Spiritual Direction 101

Spiritual Direction 101

As I sit down on a plane, the following waterfall of words comes from my neighbor: “Hi, I’m George. What’s your name? Are you coming or going? I’m on my way home from a long business trip. I’m a banker. What do you do?” The words are spoken in a blur that requires him no pause for breath and offers me no break for response.

“I’m a spiritual director.”

“What is a spiritual director? Do you order people around all the time? Do you make them stop watching TV and drinking wine? Why would you do that? That doesn’t sound very fun to me.”

George isn’t the only one who wonders these sorts of things. Spiritual director doesn’t make it onto most “when I grow up” lists. So, what is spiritual direction? What does a spiritual director do? How can someone find the right spiritual director?

My definition of spiritual direction is this: “spiritual direction is an ancient art of listening for the movement of God in your life alongside someone who cares.” Others say that spiritual direction is discerning the plot of your life. Both definitions are open-ended enough that I am drawn to them, but they also don’t have many specifics involved.

From the outside, spiritual direction might resemble therapy, counseling, or coaching. Two people are talking about one of the person’s life. One person is in the role of caregiver and the other of care receiver. They meet for about an hour once a month. However, there are some key differences between therapy, counseling, coaching, and spiritual direction.

Therapy is to help a person cope with a life event or personality challenge. When the person has reached a place where they can cope, therapy is ended. If another challenge or hard event arises, the person may return to therapy for the next coping strategy. *

Counseling is to help a person decide. Do I file for divorce or stay to work it out? Do I confront this person from my past who has hurt me? When the decision has been made and executed, counseling ends. *

Coaching is to help a person set and meet their goals. How can I grow my business? How can I get back to a healthy weight? What is the plan I should follow? When the goal has been reached and maintained for a season, coaching draws to a close. *

Spiritual direction is to help a person grow more into the image of Christ. Spiritual direction never ends, in some form, until the day we day die because there is always more growing to do. We are always uncovering more ways to allow the Spirit of God to lead us, transform us, comfort us. And life around us is always offering more ways to ignore, numb out, and rebel against that leading. Spiritual direction never ends as a believer is always seeking a deeper relationship with God.

Spiritual direction happens in many different contexts. Some are informal groups of friends who seek to grow in relationship with each other and God. Some are formal groups with an identified facilitator. Some spiritual direction happens in a one-on-one setting. If one-on-one spiritual direction appeals to you at this stage in your journey, how do you go about finding a good fit with a spiritual director?

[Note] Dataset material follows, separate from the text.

(* Assume $\mathcal S\subseteq\mathcal D$. Let $F\in\mathbb R^{d\times s}$, $H=BFC$, $\bar F=F\bar C$, $\bar H=\bar B\bar F$. For $i=1,\dots,s$ let $\phi_i(\bar H)=\bar H_{ii}$ and $\gamma_i(\bar H)=\sum_{j\neq i}|\bar H_{ij}|$. If $\phi_i(\bar H)+\gamma_i(\bar H)<2$ and $\phi_i(\bar H)-\gamma_i(\bar H)>0$ for all $i=1,\dots,s$, then: (i) every trajectory of $\bar e[k+1]=(I_s-\bar H)\bar e[k]$ converges to $0$ exponentially; (ii) the system $e[k+1]=(I_{2n}-H)e[k]$ is stable in the sense of Lyapunov; (iii) for every trajectory of $e[k+1]=(I_{2n}-H)e[k]$ and every $p\in\mathcal S$, the component $e_p[k]$ converges to $0$ exponentially.
   Context: Standing setup. Let $n\ge 1$ and consider a radial distribution network modeled as a tree with root node $0$ (the substation), non-root nodes $\mathcal N=\{1,\dots,n\}$, and edge set $\mathcal L$; each edge $(i,j)\in\mathcal L$ has resistance $r_{ij}\in\mathbb R$ and reactance $x_{ij}\in\mathbb R$. For a node $i$, $\mathcal L_i$ denotes the set of edges on the unique path from node $0$ to node $i$. Define $R^0,X^0\in\mathbb R^{n\times n}$ by $R^0_{ij}=2\sum_{(w,t)\in\mathcal L_i\cap\mathcal L_j} r_{wt}$ and $X^0_{ij}=2\sum_{(w,t)\in\mathcal L_i\cap\mathcal L_j} x_{wt}$. Let $\mathcal D_1\subseteq\mathcal N$ (nodes with a DER) and $\mathcal S_1\subseteq\mathcal N$ (nodes with a sensor) be nonempty, listed in increasing order; let $\mathcal D_2=\{i+n: i\in\mathcal D_1\}$, $\mathcal S_2=\{i+n:i\in\mathcal S_1\}$, $\mathcal D=\mathcal D_1\cup\mathcal D_2$, $\mathcal S=\mathcal S_1\cup\mathcal S_2$ (subsets of $\{1,\dots,2n\}$, listed in increasing order), $d=|\mathcal D|$, $s=|\mathcal S|$, $\overline{\mathcal D}=\{1,\dots,2n\}\setminus\mathcal D$, $\overline{\mathcal S}=\{1,\dots,2n\}\setminus\mathcal S$. For an increasingly ordered set $\Omega=\{i_1,\dots,i_g\}\subseteq\{1,\dots,c\}$, let $\Gamma_c(\Omega)=[\mathfrak e_{i_1}\ \cdots\ \mathfrak e_{i_g}]\in\mathbb R^{c\times g}$, where $\mathfrak e_\omega$ is the $\omega$-th standard basis vector of $\mathbb R^c$. Set $T^d=\Gamma_n(\mathcal D_1)$, $R=R^0T^d$, $X=X^0T^d\in\mathbb R^{n\times d/2}$, $T^s=\Gamma_{2n}(\mathcal S)^\top\in\mathbb R^{s\times 2n}$, and $A=I_{2n}$, $B=\begin{bmatrix}X & R\\ -\tfrac12 R & \tfrac12 X\end{bmatrix}\in\mathbb R^{2n\times d}$, $C=T^s$. The system $\Sigma^1$ is $e[k+1]=Ae[k]+Bu[k]$, $y[k]=Ce[k]$ with state $e[k]\in\mathbb R^{2n}$, input $u[k]\in\mathbb R^d$, output $y[k]\in\mathbb R^s$. Define the permutation matrix $T=[\Gamma_{2n}(\mathcal S\cap\mathcal D),\ \Gamma_{2n}(\mathcal S\cap\overline{\mathcal D}),\ \Gamma_{2n}(\overline{\mathcal S}\cap\mathcal D),\ \Gamma_{2n}(\overline{\mathcal S}\cap\overline{\mathcal D})]\in\mathbb R^{2n\times 2n}$ (each intersection listed in increasing order) and $G=\Gamma_{2n}(\{1,\dots,s\})\in\mathbb R^{2n\times s}$. The reduced system $\Sigma^2$ has $\bar A=I_s$, $\bar B=G^\top T^{-1}B\in\mathbb R^{s\times d}$, $\bar C=CTG\in\mathbb R^{s\times s}$, and reduced state $\bar e=G^\top T^{-1}e\in\mathbb R^s$. *)

theory Defs
  imports "Jordan_Normal_Form.Matrix" "Jordan_Normal_Form.Gauss_Jordan_Elimination"
begin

Locating a spiritual director can be as easy as visiting this website. You can also ask at local churches—Catholic, Anglican, Episcopalian, Methodist, and Presbyterian churches will often have people to recommend. Eleven28 Ministries also has spiritual directors on staff. A spiritual director does not have to share your same religious background, but it is helpful if they are somewhat familiar with it. The best spiritual directors will not force you into their own belief system but instead will invite you to grow in your own. Spiritual direction is a great equalizer; it is not necessary to find someone of your same gender, age, or personality type. In fact, seeking diversity can often enrich your experience. It is important that you feel a sense of safety and freedom with this person. A final consideration would be how you prefer to meet. Some directors only meet face-to-face, while others utilize technology. Your comfort and connection are most important.

I have grown up in the Churches of Christ who haven’t always emphasized a lifetime of growth for the disciple or trusting the guidance of the Spirit. The truth is that, by ignoring these vital elements, we have missed out on an abundant wealth of what God desires for the believer throughout their spiritual journey. However, it is never too late to embrace the foundation of life to the full as Jesus promised!

*These are overly simplified definitions to be sure and I mean no disrespect in any way to those who practice these necessary and good vocations; I have benefited from all three. My only goal is to differentiate between their purposes and that of spiritual direction.